13. An apparatus to control movement of an electronic image on a video display or virtual reality system comprising: a surfaceboard as an interface with the operator; a base platform; a support and tilt control pedestal mounted between said surfaceboard and said base platform, adapted to support the surfaceboard while permitting it to be tilted radially thereabouts relative to said base platform; a tilt-bias and limiting means consisting of a plurality of elastic and non-elastic members or any other tilt-bias and limiting mechanism mounted between the surfaceboard and the base platform; a joystick effector; and a control means to receive a joystick effector, the arrangement being such that tilting of the surfaceboard about the support and tilt control pedestal by the operator imparts a corresponding movement of the joystick shaft of the joy stick effector.

14. An apparatus according to claim 1 further provided with surfaceboard movement control means operable as required by the operator.

15. An apparatus according to claim 1 wherein the effector is a remote sensing device.

16. An apparatus according to claim 1 further provided with means for intentional yaw rotation of the surfaceboard through computer control or user manipulation.

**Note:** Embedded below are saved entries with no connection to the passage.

lemma card_rich_prefixes_Suc_le:
  fixes \<theta> :: real
  assumes fV: "finite V" and M: "M \<subseteq> {0..<r} \<rightarrow>\<^sub>E V" and kr: "k < r" and \<theta>: "0 \<le> \<theta>"
  shows "card (rich_prefixes r V \<theta> M (Suc k))
           \<le> card (rich_prefixes r V \<theta> M k) * card V + \<theta> * card V ^ k"
proof -
  let ?P = "rich_prefixes r V \<theta> M (Suc k)" and ?Q = "rich_prefixes r V \<theta> M k"
    and ?I = "{0..<k} \<rightarrow>\<^sub>E V"
  define ext where "ext q = {w\<in>V. q(k := w) \<in> ?P}" for q
  have fI: "finite ?I" using fV by (simp add: finite_PiE)
  have QI: "?Q \<subseteq> ?I" using rich_prefixes_subset_PiE[OF M] kr by simp
  have fext: "finite (ext q)" for q unfolding ext_def using fV by simp
  have "?P \<subseteq> (\<lambda>(q, w). q(k := w)) ` Sigma ?I ext"
  proof
    fix h assume hP: "h \<in> ?P"
    then have h: "h \<in> {0..<Suc k} \<rightarrow>\<^sub>E V"
      using rich_prefixes_subset_PiE[OF M, of "Suc k"] kr by auto
    then have eq: "h = (\<lambda>(q, w). q(k := w)) (restrict h {0..<k}, h k)"
      by (simp add: atLeast0_lessThan_Suc)
    have "(restrict h {0..<k}, h k) \<in> Sigma ?I ext"
      using h hP eq unfolding ext_def by auto
    with eq show "h \<in> (\<lambda>(q, w). q(k := w)) ` Sigma ?I ext" by (rule image_eqI)
  qed
  then have "card ?P \<le> card ((\<lambda>(q, w). q(k := w)) ` Sigma ?I ext)"
    using fI fext by (intro card_mono) auto
  also have "\<dots> \<le> card (Sigma ?I ext)" by (rule card_image_le) (use fI fext in auto)
  also have "\<dots> = (\<Sum>q\<in>?I. card (ext q))" using fI fext by simp
  finally have "card ?P \<le> (\<Sum>q\<in>?I. real (card (ext q)))" by (simp flip: of_nat_sum)
  also have "\<dots> \<le> (\<Sum>q\<in>?I. if q \<in> ?Q then real (card V) else \<theta>)"
  proof (rule sum_mono)
    fix q assume "q \<in> ?I"
    then show "card (ext q) \<le> (if q \<in> ?Q then real (card V) else \<theta>)"
      using mem_rich_prefixes_iff[OF kr, of q] fV unfolding ext_def by (auto intro: card_mono)
  qed
  also have "\<dots> = card (?I \<inter> ?Q) * card V + card (?I - ?Q) * \<theta>"
    using fI by (simp add: sum.If_cases Diff_eq)
  also have "\<dots> \<le> card ?Q * card V + card ?I * \<theta>"
    using fI \<theta> QI by (intro add_mono mult_right_mono) (auto intro: card_mono simp: Int_absorb1)
  finally show ?thesis using fV by (simp add: card_PiE mult.commute)
qed
(* Let $P$ be a generic regular hexagon in $\mathbb{R}^3$. For every support system $u_1,\ldots,u_6$ of $P$, the derived hexagon $P'$, with edge vectors $v'_1=u_2-u_1,\ v'_2=u_3-u_2,\ldots,\ v'_5=u_6-u_5,\ v'_6=u_1-u_6$ and determinants $\Delta'_i=(v'_i,[v'_{i+1},v'_{i+2}])$, satisfies $\Delta'_1=\Delta'_4$, $\Delta'_2=\Delta'_5$, $\Delta'_3=\Delta'_6$; hence every generic derivative of $P$ is strongly-regular. Moreover, all (generic) derivatives of $P$, over all support systems of $P$, have the same type.
   Context: Indices are cyclic mod $6$; $(\cdot,\cdot)$ and $[\cdot,\cdot]$ are the dot and cross products. For a closed hexagon $A_1\ldots A_6$ put $v_1=\overline{A_1A_2},\ldots,v_6=\overline{A_6A_1}$ and $\Delta_i=(v_i,[v_{i+1},v_{i+2}])$. The hexagon is generic if any two consecutive $v_i,v_{i+1}$ are not collinear and any three consecutive $v_i,v_{i+1},v_{i+2}$ are not coplanar. A support system is a tuple $u_1,\ldots,u_6$ with $[u_i,u_{i+1}]=v_{i+1}$ for all $i$; a generic hexagon is regular if it has a support system. The derived hexagon (derivative) for a support system is $B_1\ldots B_6$ with $\overline{OB_i}=u_i$ for a fixed origin $O$. A regular hexagon is strongly-regular if $\Delta_1=\Delta_4$, $\Delta_2=\Delta_5$, $\Delta_3=\Delta_6$; its type is the cyclic ratio $\Delta_1:\Delta_2:\Delta_3$, i.e. the triple $(\Delta_1,\Delta_2,\Delta_3)$ up to multiplication by a nonzero scalar and cyclic permutation. *)

theory Defs
  imports "HOL-Analysis.Analysis" "HOL-Analysis.Cross3"
begin

text \<open>Hexagons in R^3 are given by vertex functions A :: nat => real^3; only
  A 0, ..., A 5 matter (0-based indexing, vertex A_{i+1} of the paper is A i),
  and all indices are read mod 6.\<close>

definition edge :: "(nat \<Rightarrow> real^3) \<Rightarrow> nat \<Rightarrow> real^3" where
  "edge A i = A (Suc i mod 6) - A (i mod 6)"

definition Delta :: "(nat \<Rightarrow> real^3) \<Rightarrow> nat \<Rightarrow> real" where
  "Delta A i = edge A i \<bullet> cross3 (edge A (i + 1)) (edge A (i + 2))"

definition generic_hex :: "(nat \<Rightarrow> real^3) \<Rightarrow> bool" where
  "generic_hex A \<longleftrightarrow>
     (\<forall>i. \<not> collinear {0, edge A i, edge A (i + 1)}) \<and>
     (\<forall>i. \<not> coplanar {0, edge A i, edge A (i + 1), edge A (i + 2)})"

definition support_system :: "(nat \<Rightarrow> real^3) \<Rightarrow> (nat \<Rightarrow> real^3) \<Rightarrow> bool" where
  "support_system A u \<longleftrightarrow>
     (\<forall>i. cross3 (u (i mod 6)) (u (Suc i mod 6)) = edge A (Suc i))"

definition regular_hex :: "(nat \<Rightarrow> real^3) \<Rightarrow> bool" where
  "regular_hex A \<longleftrightarrow> generic_hex A \<and> (\<exists>u. support_system A u)"

text \<open>The derived hexagon for the support system u has vertices B_i = O + u_i;
  taking O = 0, it is the vertex function u itself.\<close>
definition derived_hex :: "(nat \<Rightarrow> real^3) \<Rightarrow> (nat \<Rightarrow> real^3)" where
  "derived_hex u = u"

definition strongly_regular :: "(nat \<Rightarrow> real^3) \<Rightarrow> bool" where
  "strongly_regular A \<longleftrightarrow> regular_hex A \<and>
     Delta A 0 = Delta A 3 \<and> Delta A 1 = Delta A 4 \<and> Delta A 2 = Delta A 5"

definition hex_triple :: "(nat \<Rightarrow> real^3) \<Rightarrow> real \<times> real \<times> real" where
  "hex_triple A = (Delta A 0, Delta A 1, Delta A 2)"

definition same_type :: "real \<times> real \<times> real \<Rightarrow> real \<times> real \<times> real \<Rightarrow> bool" where
  "same_type t s \<longleftrightarrow> (case t of (a1, a2, a3) \<Rightarrow> case s of (b1, b2, b3) \<Rightarrow>
     (\<exists>c. c \<noteq> 0 \<and>
        ((b1, b2, b3) = (c * a1, c * a2, c * a3) \<or>
         (b1, b2, b3) = (c * a2, c * a3, c * a1) \<or>
         (b1, b2, b3) = (c * a3, c * a1, c * a2))))"

end

theory Submission
  imports Defs
begin

(* A support system satisfies [u_i, u_{i+1}] = v_{i+1}; summing over i and using that P is
   closed, the derived hexagon has zero vector area sum [u_i, u_{i+1}].  For any hexagon with
   vertices u_i, Delta'_1 - Delta'_4 = (u_4 - u_1, sum [u_i, u_{i+1}]), so opposite determinants
   of a derivative agree.  Conversely, a generic hexagon with Delta_i = Delta_{i+3} is regular:
   since [[a,b],[b,c]] = (a,[b,c]) b, the vectors m_i [v_i, v_{i+1}] form a support system as
   soon as m_i m_{i+1} Delta_i = 1 for all i, and these six equations are solvable because
   Delta_i = Delta_{i+3}.  Finally, u_i is orthogonal to v_i and v_{i+1}, so two support systems
   of a generic hexagon differ by u_i -> s u_i (i even), u_i -> t u_i (i odd) with s t = 1.
   Writing Delta'_i = P_i - N_i, this rescaling turns Delta'_i into t P_i - s N_i or
   s P_i - t N_i, and the vanishing vector area gives P_i P_{i+1} = N_i N_{i+1}, which is
   exactly what preserves the ratios Delta'_1 : Delta'_2 : Delta'_3. *)

definition chain_det :: "real^3 \<Rightarrow> real^3 \<Rightarrow> real^3 \<Rightarrow> real^3 \<Rightarrow> real" where
  "chain_det a b c d = (b - a) \<bullet> cross3 (c - b) (d - c)"

(* twice the vector area of the closed polygon a b c d e f *)
definition hex_area :: "real^3 \<Rightarrow> real^3 \<Rightarrow> real^3 \<Rightarrow> real^3 \<Rightarrow> real^3 \<Rightarrow> real^3 \<Rightarrow> real^3" where
  "hex_area a b c d e f =
     cross3 a b + cross3 b c + cross3 c d + cross3 d e + cross3 e f + cross3 f a"

lemma hex_area_rotate: "hex_area a b c d e f = hex_area b c d e f a"
  by (simp add: hex_area_def add_ac)

lemma chain_det_opposite:
  "chain_det a b c d - chain_det d e f a = (d - a) \<bullet> hex_area a b c d e f"
  by (simp add: chain_det_def hex_area_def cross3_simps)

lemma chain_det_opposite_eq:
  "hex_area a b c d e f = 0 \<Longrightarrow> chain_det a b c d = chain_det d e f a"
  using chain_det_opposite[of a b c d e f] by simp

lemma chain_det_alternating_scale:
  assumes "s * t = 1"
  shows "chain_det (s *\<^sub>R a) (t *\<^sub>R b) (s *\<^sub>R c) (t *\<^sub>R d)
     = t * (b \<bullet> cross3 (c - a) d) - s * (a \<bullet> cross3 c (d - b))"
  using assms by (simp add: chain_det_def cross3_def inner_vec_def sum_3 vector_def; algebra)

lemma chain_det_parts_product:
  "(b \<bullet> cross3 (c - a) d) * (c \<bullet> cross3 (d - b) e)
     - (a \<bullet> cross3 c (d - b)) * (b \<bullet> cross3 d (e - c))
     = (b \<bullet> cross3 c d) * (hex_area a b c d e f \<bullet> (e - a))"
  by (simp add: hex_area_def cross3_def vector_def inner_vec_def sum_3; algebra)
lemma absorb_point_uniform_time:
  assumes "T ` X \<subseteq> X" "\<forall>x\<in>X. p (T x) = S (p x)"
    and pairs: "\<forall>a\<in>X. \<forall>b\<in>X. p a = p b \<longrightarrow> (\<exists>t\<le>N2. dist ((T ^^ t) a) ((T ^^ t) b) < \<epsilon>/2)"
    and equi: "\<forall>x\<in>X. \<forall>x'\<in>X. dist x x' < \<eta> \<longrightarrow> (\<forall>j\<le>N2. dist ((T ^^ j) x) ((T ^^ j) x') < \<epsilon>/2)"
    and A: "A \<subseteq> fibre X p y" "a0 \<in> A"
    and t1: "t1 \<le> N1" "\<forall>a\<in>A - {a0}. \<forall>b\<in>A - {a0}. dist ((T ^^ t1) a) ((T ^^ t1) b) < \<eta>"
  shows "\<exists>t\<le>N2 + N1. \<forall>a\<in>A. \<forall>b\<in>A. dist ((T ^^ t) a) ((T ^^ t) b) < \<epsilon>"
proof -
  \<comment> \<open>An anchor in \<open>A - {a0}\<close> (or \<open>a0\<close> itself if that is empty); \<open>a0\<close> is then synchronised with it.\<close>
  obtain a1 where a1: "a1 \<in> A" "\<forall>a\<in>A - {a0}. dist ((T ^^ t1) a) ((T ^^ t1) a1) < \<eta>"
    using t1(2) A(2) by (cases "A - {a0} = {}") blast+
  have X01: "(T ^^ t1) a0 \<in> X" "(T ^^ t1) a1 \<in> X"
    using A a1(1) funpow_mem[OF assms(1)] by auto
  have "a0 \<in> X" "a1 \<in> X" "p a0 = p a1" using A a1(1) by auto
  then have "p ((T ^^ t1) a0) = p ((T ^^ t1) a1)"
    using funpow_semiconj[OF assms(2,1)] by simp
  with pairs X01 obtain t2 where t2: "t2 \<le> N2"
    "dist ((T ^^ t2) ((T ^^ t1) a0)) ((T ^^ t2) ((T ^^ t1) a1)) < \<epsilon>/2"
    by blast
  have near_a1: "dist ((T ^^ (t2 + t1)) a) ((T ^^ (t2 + t1)) a1) < \<epsilon>/2" if "a \<in> A" for a
  proof (cases "a = a0")
    case False
    with that a1(2) have "dist ((T ^^ t1) a) ((T ^^ t1) a1) < \<eta>" by blast
    moreover have "(T ^^ t1) a \<in> X" using that A(1) funpow_mem[OF assms(1)] by auto
    ultimately show ?thesis
      using equi X01(2) t2(1) by (simp add: funpow_add)
  qed (use t2 in \<open>simp add: funpow_add\<close>)
  have "dist ((T ^^ (t2 + t1)) a) ((T ^^ (t2 + t1)) b) < \<epsilon>" if "a \<in> A" "b \<in> A" for a b
    using near_a1[OF that(1)] near_a1[OF that(2)] by (rule dist_triangle_half_l)
  with t1(1) t2(1) show ?thesis
    by (intro exI[of _ "t2 + t1"]) auto
qed

lemma proximal_factor_uniform_time_finite:
  fixes p :: "'a::metric_space \<Rightarrow> 'b::metric_space"
  assumes "compact X" "continuous_on X T" "T ` X \<subseteq> X" "continuous_on X p"
    and "\<forall>x\<in>X. p (T x) = S (p x)" "proximal_factor X T p" "\<epsilon> > 0"
  shows "\<exists>N. \<forall>y A. A \<subseteq> fibre X p y \<longrightarrow> finite A \<longrightarrow> card A \<le> k \<longrightarrow>
           (\<exists>t\<le>N. \<forall>a\<in>A. \<forall>b\<in>A. dist ((T ^^ t) a) ((T ^^ t) b) < \<epsilon>)"
  using assms(7)
proof (induction k arbitrary: \<epsilon>)
  case 0
  show ?case by (rule exI[of _ 0]) auto
next
  case (Suc k)
  then have "\<epsilon>/2 > 0" by simp
  then obtain N2 where pairs:
    "\<forall>a\<in>X. \<forall>b\<in>X. p a = p b \<longrightarrow> (\<exists>t\<le>N2. dist ((T ^^ t) a) ((T ^^ t) b) < \<epsilon>/2)"
    using proximal_factor_uniform_time[OF assms(1-4,6)] by blast
  obtain \<eta> where \<eta>: "\<eta> > 0"
    "\<forall>x\<in>X. \<forall>x'\<in>X. dist x x' < \<eta> \<longrightarrow> (\<forall>j\<le>N2. dist ((T ^^ j) x) ((T ^^ j) x') < \<epsilon>/2)"
    using uniformly_equicontinuous_funpow_upto[OF assms(1-3) \<open>\<epsilon>/2 > 0\<close>] by blast
  obtain N1 where N1: "\<forall>y A. A \<subseteq> fibre X p y \<longrightarrow> finite A \<longrightarrow> card A \<le> k \<longrightarrow>
      (\<exists>t\<le>N1. \<forall>a\<in>A. \<forall>b\<in>A. dist ((T ^^ t) a) ((T ^^ t) b) < \<eta>)"
    using Suc.IH[OF \<eta>(1)] by blast
  show ?case
  proof (rule exI[of _ "N2 + N1"], intro allI impI)
    fix y A assume A: "A \<subseteq> fibre X p y" "finite A" "card A \<le> Suc k"
    show "\<exists>t\<le>N2 + N1. \<forall>a\<in>A. \<forall>b\<in>A. dist ((T ^^ t) a) ((T ^^ t) b) < \<epsilon>"
    proof (cases "A = {}")
      case True
      then show ?thesis by (intro exI[of _ 0]) simp
    next
      case False
      then obtain a0 where "a0 \<in> A" by blast
      with A have "A - {a0} \<subseteq> fibre X p y" "finite (A - {a0})" "card (A - {a0}) \<le> k"
        by auto
      with N1 obtain t1 where "t1 \<le> N1"
        "\<forall>a\<in>A - {a0}. \<forall>b\<in>A - {a0}. dist ((T ^^ t1) a) ((T ^^ t1) b) < \<eta>"
        by blast
      with absorb_point_uniform_time[OF assms(3,5) pairs \<eta>(2) A(1) \<open>a0 \<in> A\<close>]
      show ?thesis by blast
    qed
  qed
qed

lemma proximal_factor_uniform_entry_time:
  fixes p :: "'a::metric_space \<Rightarrow> 'b::metric_space"
  assumes "minimal_sys X T" "continuous_on X p" "\<forall>x\<in>X. p (T x) = S (p x)"
    and "proximal_factor X T p" "x0 \<in> X" "\<rho> > 0"
  shows "\<exists>M. \<forall>y A. A \<subseteq> fibre X p y \<longrightarrow> finite A \<longrightarrow> card A \<le> k \<longrightarrow> A \<noteq> {} \<longrightarrow>
           (\<exists>r\<le>M. \<forall>a\<in>A. dist ((T ^^ r) a) x0 < \<rho>)"
proof -
  have X: "compact X" "continuous_on X T" "T ` X \<subseteq> X"
    "\<forall>x\<in>X. closure (range (\<lambda>n. (T ^^ n) x)) = X"
    using assms(1) unfolding minimal_sys_def tds_def by auto
  have "\<rho>/2 > 0" using assms(6) by simp
  then obtain K where K: "\<forall>x\<in>X. \<exists>s\<le>K. dist ((T ^^ s) x) x0 < \<rho>/2"
    using dense_orbits_uniform_return_time[OF X assms(5)] by blast
  obtain \<eta> where \<eta>: "\<eta> > 0"
    "\<forall>x\<in>X. \<forall>x'\<in>X. dist x x' < \<eta> \<longrightarrow> (\<forall>j\<le>K. dist ((T ^^ j) x) ((T ^^ j) x') < \<rho>/2)"
    using uniformly_equicontinuous_funpow_upto[OF X(1-3) \<open>\<rho>/2 > 0\<close>] by blast
  obtain N where N: "\<forall>y A. A \<subseteq> fibre X p y \<longrightarrow> finite A \<longrightarrow> card A \<le> k \<longrightarrow>
      (\<exists>t\<le>N. \<forall>a\<in>A. \<forall>b\<in>A. dist ((T ^^ t) a) ((T ^^ t) b) < \<eta>)"
    using proximal_factor_uniform_time_finite[OF X(1-3) assms(2-4) \<eta>(1)] by blast
  show ?thesis
  proof (rule exI[of _ "K + N"], intro allI impI)
    fix y A assume A: "A \<subseteq> fibre X p y" "finite A" "card A \<le> k" "A \<noteq> {}"
    with N obtain t where t: "t \<le> N" "\<forall>a\<in>A. \<forall>b\<in>A. dist ((T ^^ t) a) ((T ^^ t) b) < \<eta>"
      by blast
    from A obtain a0 where "a0 \<in> A" by blast
    with A(1) have a0: "(T ^^ t) a0 \<in> X" using funpow_mem[OF X(3)] by blast
    with K obtain s where s: "s \<le> K" "dist ((T ^^ s) ((T ^^ t) a0)) x0 < \<rho>/2" by blast
    have "dist ((T ^^ (s + t)) a) x0 < \<rho>" if "a \<in> A" for a
    proof -
      have "(T ^^ t) a \<in> X" using that A(1) funpow_mem[OF X(3)] by blast
      with \<eta>(2) a0 s(1) t(2) that \<open>a0 \<in> A\<close>
      have "dist ((T ^^ s) ((T ^^ t) a)) ((T ^^ s) ((T ^^ t) a0)) < \<rho>/2" by blast
      with s(2) have "dist ((T ^^ s) ((T ^^ t) a)) x0 < \<rho>"
        using dist_triangle[of "(T ^^ s) ((T ^^ t) a)" x0 "(T ^^ s) ((T ^^ t) a0)"] by linarith
      then show ?thesis by (simp add: funpow_add)
    qed
    with s(1) t(1) show "\<exists>r\<le>K + N. \<forall>a\<in>A. dist ((T ^^ r) a) x0 < \<rho>"
      by (intro exI[of _ "s + t"]) auto
  qed
qed

lemma not_thin_fibre_funpow:
  assumes "T ` X = X" "\<forall>x\<in>X. p (T x) = S (p x)" "p ` X = Y" "inj_on S Y" "y \<in> Y"
    and wide: "\<forall>y\<in>Y. \<not> thin_fibre X p c y"
  shows "\<exists>a\<in>fibre X p y. \<exists>b\<in>fibre X p y. c \<le> dist ((T ^^ n) a) ((T ^^ n) b)"
proof -
  have "(S ^^ n) y \<in> Y"
    using funpow_mem[OF semiconj_image_subset[OF assms(3,2)] assms(5)] assms(1) by simp
  with wide obtain u v where "u \<in> fibre X p ((S ^^ n) y)" "v \<in> fibre X p ((S ^^ n) y)" "c \<le> dist u v"
    by (auto simp: not_less)
  then show ?thesis
    unfolding fibre_funpow_image[OF assms(1-5)] by blast
qed

lemma wide_pairs_in_fibre:
  assumes "T ` X = X" "\<forall>x\<in>X. p (T x) = S (p x)" "p ` X = Y" "inj_on S Y" "y \<in> Y"
    and wide: "\<forall>y\<in>Y. \<not> thin_fibre X p c y"
  shows "\<exists>A. A \<subseteq> fibre X p y \<and> finite A \<and> card A \<le> 2 * L \<and>
           (\<forall>i<L. \<exists>a\<in>A. \<exists>b\<in>A. c \<le> dist ((T ^^ (i + M)) a) ((T ^^ (i + M)) b))"
proof -
  have "\<forall>i\<in>{..<L}. \<exists>ab. ab \<in> fibre X p y \<times> fibre X p y \<and>
      c \<le> dist ((T ^^ (i + M)) (fst ab)) ((T ^^ (i + M)) (snd ab))"
    using not_thin_fibre_funpow[OF assms] by fastforce
  then have "\<exists>f. \<forall>i\<in>{..<L}. f i \<in> fibre X p y \<times> fibre X p y \<and>
      c \<le> dist ((T ^^ (i + M)) (fst (f i))) ((T ^^ (i + M)) (snd (f i)))"
    by (rule bchoice)
  then obtain f where f: "\<forall>i\<in>{..<L}. f i \<in> fibre X p y \<times> fibre X p y \<and>
      c \<le> dist ((T ^^ (i + M)) (fst (f i))) ((T ^^ (i + M)) (snd (f i)))" ..
  define A where "A = fst ` f ` {..<L} \<union> snd ` f ` {..<L}"
  have "card A \<le> card (fst ` f ` {..<L}) + card (snd ` f ` {..<L})"
    unfolding A_def by (rule card_Un_le)
  also have "\<dots> \<le> card {..<L} + card {..<L}"
    by (intro add_mono card_image_le[THEN order_trans] card_image_le) auto
  finally have "card A \<le> 2 * L" by simp
  moreover have "A \<subseteq> fibre X p y" using f by (auto simp: A_def mem_Times_iff)
  moreover have "finite A" by (simp add: A_def)
  moreover have "\<forall>i<L. \<exists>a\<in>A. \<exists>b\<in>A. c \<le> dist ((T ^^ (i + M)) a) ((T ^^ (i + M)) b)"
    using f unfolding A_def by blast
  ultimately show ?thesis by blast
qed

17. An apparatus to control movement of an electronic image on a video display, comprising: a surfaceboard as an interface with the opera or; a base platform; a support and tilt control pedestal mounted between said surfaceboard and said base platform, adapted to support the surfaceboard while permitting it to be tilted radially thereabouts relative to said base platform; an effector; a control means to receive an effector, the arrangement being such that the tilting of the surfaceboard about the support and tilt control pedestal by the operator imparts a corresponding movement to the effector when in place; and a computer to process and convert in formational signals from the effector into the controlled movement of an electronic image on a video display.